On Wed, Apr 3, 2013 at 1:01 PM, Martijn v Groningen [via Elasticsearch
Users] ml-node+s115913n4032827h13@n3.nabble.com wrote:

If you're indexing mulit-level parent child documents you need to use the
routing query string option in addition to the parent query string
option. The routing will always contain the id of the
first hierarchy level (author in your case). This way all books from the
same author and characters of these books always reside on the same shard.

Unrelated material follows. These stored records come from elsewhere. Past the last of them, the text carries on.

(* Let $d\ge1$ and let $\mu$ be a Borel probability measure on $S^{d-1}$. Then \[ (\mu\otimes\mu)\bigl(\{(u,v)\in (S^{d-1})^2: u\perp v\}\bigr)\le \frac{d-1}{d}. \] Equivalently, two independent $\mu$-distributed unit vectors are non-orthogonal with probability at least $1/d$.
   Context: $S^{d-1}$ is the unit sphere in $\mathbb R^d$; $\mu\otimes\mu$ is the product measure on $(S^{d-1})^2$. *)

theory Defs
  imports "HOL-Probability.Probability"
begin

end

theory Submission
  imports Defs
begin

(* Let m = E[u u^T 1_S(u)] be the second-moment matrix of \<mu> restricted to the unit sphere S.
   Its trace is \<mu>(S) = 1, and for independent u, v the expectation of <u,v>^2 over S x S is the
   squared Frobenius norm of m, which is at least (tr m)^2 / d = 1/d.  Since <u,v>^2 \<le> 1 on S x S
   and it vanishes on orthogonal pairs, these have probability at most 1 - 1/d. *)

lemma (in pair_sigma_finite) integrable_mult_product:
  fixes f g :: "_ \<Rightarrow> real"
  assumes f: "integrable M1 f" and g: "integrable M2 g"
  shows "integrable (M1 \<Otimes>\<^sub>M M2) (\<lambda>(x, y). f x * g y)"
proof (rule integrableI_bounded)
  have [measurable]: "f \<in> borel_measurable M1" "g \<in> borel_measurable M2"
    using f g by auto
  show "(\<lambda>(x, y). f x * g y) \<in> borel_measurable (M1 \<Otimes>\<^sub>M M2)"
    by measurable
  have "(\<integral>\<^sup>+p. norm (case p of (x, y) \<Rightarrow> f x * g y) \<partial>(M1 \<Otimes>\<^sub>M M2))
      = (\<integral>\<^sup>+x. \<integral>\<^sup>+y. ennreal (norm (f x)) * ennreal (norm (g y)) \<partial>M2 \<partial>M1)"
    by (subst M2.nn_integral_fst[symmetric]) (auto simp: abs_mult ennreal_mult)
  also have "\<dots> = (\<integral>\<^sup>+x. norm (f x) \<partial>M1) * (\<integral>\<^sup>+y. norm (g y) \<partial>M2)"
    by (simp add: nn_integral_cmult nn_integral_multc)
  also have "\<dots> < \<infinity>"
    using f g by (simp add: integrable_iff_bounded ennreal_mult_less_top)
  finally show "(\<integral>\<^sup>+p. norm (case p of (x, y) \<Rightarrow> f x * g y) \<partial>(M1 \<Otimes>\<^sub>M M2)) < \<infinity>" .
qed

lemma (in pair_sigma_finite) integral_mult_product:
  fixes f g :: "_ \<Rightarrow> real"
  assumes f: "integrable M1 f" and g: "integrable M2 g"
  shows "(\<integral>p. (case p of (x, y) \<Rightarrow> f x * g y) \<partial>(M1 \<Otimes>\<^sub>M M2)) = integral\<^sup>L M1 f * integral\<^sup>L M2 g"
  using integral_fst[OF integrable_mult_product[OF f g]] by simp

lemma inner_square_eq_sum_Basis:
  fixes x y :: "'a::euclidean_space"
  shows "(inner x y)\<^sup>2 = (\<Sum>b\<in>Basis. \<Sum>c\<in>Basis. (inner x b * inner x c) * (inner y b * inner y c))"
  by (simp add: euclidean_inner[of x y] power2_eq_square sum_product algebra_simps)

lemma trace_square_le_sum_squares:
  fixes m :: "'a::euclidean_space \<Rightarrow> 'a \<Rightarrow> real"
  shows "(\<Sum>b\<in>Basis. m b b)\<^sup>2 / DIM('a) \<le> (\<Sum>b\<in>Basis. \<Sum>c\<in>Basis. (m b c)\<^sup>2)"
proof -
  have "(\<Sum>b\<in>Basis. m b b)\<^sup>2 / DIM('a) \<le> (\<Sum>b\<in>Basis. (m b b)\<^sup>2)"
    using sum_squared_le_sum_of_squares[of "\<lambda>b. m b b" Basis] by (simp add: divide_le_eq)
  also have "\<dots> \<le> (\<Sum>b\<in>Basis. \<Sum>c\<in>Basis. (m b c)\<^sup>2)"
    by (intro sum_mono member_le_sum) auto
  finally show ?thesis .
qed

lemma (in finite_measure) integral_inner_square_ge:
  fixes X :: "'a \<Rightarrow> 'b::euclidean_space"
  assumes X[measurable]: "X \<in> borel_measurable M" and bound: "\<And>x. norm (X x) \<le> C"
  shows "(\<integral>x. (norm (X x))\<^sup>2 \<partial>M)\<^sup>2 / DIM('b)
    \<le> (\<integral>(x, y). (inner (X x) (X y))\<^sup>2 \<partial>(M \<Otimes>\<^sub>M M))"
proof -
  interpret pair_sigma_finite M M by unfold_locales
  define m where "m b c = (\<integral>x. inner (X x) b * inner (X x) c \<partial>M)" for b c
  have coord: "\<bar>inner (X x) b\<bar> \<le> C" if "b \<in> Basis" for x b
    using Basis_le_norm[OF that, of "X x"] bound[of x] by simp
  have integrable_coord: "integrable M (\<lambda>x. inner (X x) b * inner (X x) c)"
    if "b \<in> Basis" "c \<in> Basis" for b c
    by (rule integrable_const_bound[where B="C * C"])
      (auto simp: abs_mult intro!: mult_mono coord that order_trans[OF abs_ge_zero coord])
  have "(\<integral>x. (norm (X x))\<^sup>2 \<partial>M) = (\<integral>x. (\<Sum>b\<in>Basis. inner (X x) b * inner (X x) b) \<partial>M)"
    by (simp add: power2_norm_eq_inner euclidean_inner[of "X _" "X _"])
  also have "\<dots> = (\<Sum>b\<in>Basis. m b b)"
    by (simp add: m_def integrable_coord)
  finally have trace: "(\<integral>x. (norm (X x))\<^sup>2 \<partial>M) = (\<Sum>b\<in>Basis. m b b)" .
  have "(\<integral>(x, y). (inner (X x) (X y))\<^sup>2 \<partial>(M \<Otimes>\<^sub>M M))
      = (\<integral>p. (\<Sum>b\<in>Basis. \<Sum>c\<in>Basis. (case p of (x, y) \<Rightarrow>
           (inner (X x) b * inner (X x) c) * (inner (X y) b * inner (X y) c))) \<partial>(M \<Otimes>\<^sub>M M))"
    by (simp add: inner_square_eq_sum_Basis case_prod_unfold)
  also have "\<dots> = (\<Sum>b\<in>Basis. \<Sum>c\<in>Basis. (m b c)\<^sup>2)"
    by (simp add: integrable_mult_product integral_mult_product integrable_coord m_def
        power2_eq_square)
  finally have frobenius: "(\<integral>(x, y). (inner (X x) (X y))\<^sup>2 \<partial>(M \<Otimes>\<^sub>M M))
      = (\<Sum>b\<in>Basis. \<Sum>c\<in>Basis. (m b c)\<^sup>2)" .
  show ?thesis
    unfolding trace frobenius by (rule trace_square_le_sum_squares)
qed

lemma (in prob_space) measure_pair_orthogonal_le:
  fixes X :: "'a \<Rightarrow> 'b::euclidean_space"
  assumes X[measurable]: "X \<in> borel_measurable M" and bound: "\<And>x. norm (X x) \<le> 1"
  shows "measure (M \<Otimes>\<^sub>M M) {p \<in> space (M \<Otimes>\<^sub>M M). inner (X (fst p)) (X (snd p)) = 0}
    \<le> 1 - (\<integral>x. (norm (X x))\<^sup>2 \<partial>M)\<^sup>2 / DIM('b)"
proof -
  interpret P: prob_space "M \<Otimes>\<^sub>M M"
    by (rule prob_space_pair) unfold_locales
  define Z where "Z = {p \<in> space (M \<Otimes>\<^sub>M M). inner (X (fst p)) (X (snd p)) = 0}"
  have Z_sets[measurable]: "Z \<in> sets (M \<Otimes>\<^sub>M M)"
    unfolding Z_def by measurable
  have inner_square_le: "(inner (X x) (X y))\<^sup>2 \<le> 1" for x y
    using Cauchy_Schwarz_ineq2[of "X x" "X y"] bound[of x] bound[of y]
    by (simp add: abs_square_le_1 order_trans[OF _ mult_le_one])
  have "(\<integral>x. (norm (X x))\<^sup>2 \<partial>M)\<^sup>2 / DIM('b) \<le> (\<integral>(x, y). (inner (X x) (X y))\<^sup>2 \<partial>(M \<Otimes>\<^sub>M M))"
    using bound by (rule integral_inner_square_ge[OF X])
  also have "\<dots> \<le> (\<integral>p. indicator (space (M \<Otimes>\<^sub>M M) - Z) p \<partial>(M \<Otimes>\<^sub>M M))"
  proof (rule integral_mono)
    show "integrable (M \<Otimes>\<^sub>M M) (\<lambda>(x, y). (inner (X x) (X y))\<^sup>2)"
      by (rule P.integrable_const_bound[where B=1]) (auto simp: inner_square_le)
    show "integrable (M \<Otimes>\<^sub>M M) (indicator (space (M \<Otimes>\<^sub>M M) - Z) :: _ \<Rightarrow> real)"
      by (intro integrable_real_indicator) (auto simp: P.emeasure_finite less_top[symmetric])
    show "(case p of (x, y) \<Rightarrow> (inner (X x) (X y))\<^sup>2) \<le> indicator (space (M \<Otimes>\<^sub>M M) - Z) p"
      if "p \<in> space (M \<Otimes>\<^sub>M M)" for p
      using that inner_square_le[of "fst p" "snd p"] by (auto simp: Z_def indicator_def case_prod_unfold)
  qed
  also have "\<dots> = 1 - measure (M \<Otimes>\<^sub>M M) Z"
    by (simp add: P.prob_compl)
  finally show ?thesis
    by (simp add: Z_def)
qed

theorem corollary1:
  fixes \<mu> :: "'a::euclidean_space measure"
  assumes "prob_space \<mu>"
    and "sets \<mu> = sets borel"
    and "measure \<mu> (sphere 0 1) = 1"
  shows "measure (\<mu> \<Otimes>\<^sub>M \<mu>)
           {(u, v). u \<in> sphere 0 1 \<and> v \<in> sphere 0 1 \<and> inner u v = 0}
         \<le> (real DIM('a) - 1) / real DIM('a)"
proof -
  interpret prob_space \<mu> by fact
  interpret P: prob_space "\<mu> \<Otimes>\<^sub>M \<mu>"
    by (rule prob_space_pair) unfold_locales
  define X where "X u = indicator (sphere 0 1) u *\<^sub>R u" for u :: 'a
  have space_UNIV: "space \<mu> = UNIV"
    using sets_eq_imp_space_eq[OF assms(2)] by simp
  have X_measurable[measurable]: "X \<in> borel_measurable \<mu>"
    unfolding measurable_cong_sets[OF assms(2) refl] X_def by (measurable, auto simp: borel_closed)
  have X_bound: "norm (X u) \<le> 1" for u
    by (simp add: X_def indicator_def)
  have "(norm (X u))\<^sup>2 = indicator (sphere 0 1) u" for u
    by (simp add: X_def indicator_def)
  then have second_moment: "(\<integral>u. (norm (X u))\<^sup>2 \<partial>\<mu>) = 1"
    using assms(3) by (simp add: space_UNIV)
  have "measure (\<mu> \<Otimes>\<^sub>M \<mu>) {(u, v). u \<in> sphere 0 1 \<and> v \<in> sphere 0 1 \<and> inner u v = 0}
      \<le> measure (\<mu> \<Otimes>\<^sub>M \<mu>) {p \<in> space (\<mu> \<Otimes>\<^sub>M \<mu>). inner (X (fst p)) (X (snd p)) = 0}"
    by (rule P.finite_measure_mono[rotated], measurable) (auto simp: X_def space_pair_measure space_UNIV)
  also have "\<dots> \<le> 1 - 1 / DIM('a)"
    using measure_pair_orthogonal_le[OF X_measurable X_bound] by (simp add: second_moment)
  finally show ?thesis
    by (simp add: field_simps)
qed

end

On 3 April 2013 11:16, eranid <[hidden email]http://user/SendEmail.jtp?type=node&node=4032827&i=0

wrote:

I need to index 3 levels (or more) of child-parent.
For example, the levels might be an author, a book, and characters from
that
book.

However, when indexing more than two-levels there is a problem with
has_child and has_parent queries and filters.
If I have 5 shards, I get about one fifth of the results when running a
"has_parent" query on the lowest level (characters) or a has_child query
on
the second level(books).

My guess is that a book gets indexed to a shard by it's parent id and so
will reside together with his parent (author), but a character gets
indexed
to a shard based on the hash of the book id, which does not necessarily
complies with the actual shard the book was indexed on.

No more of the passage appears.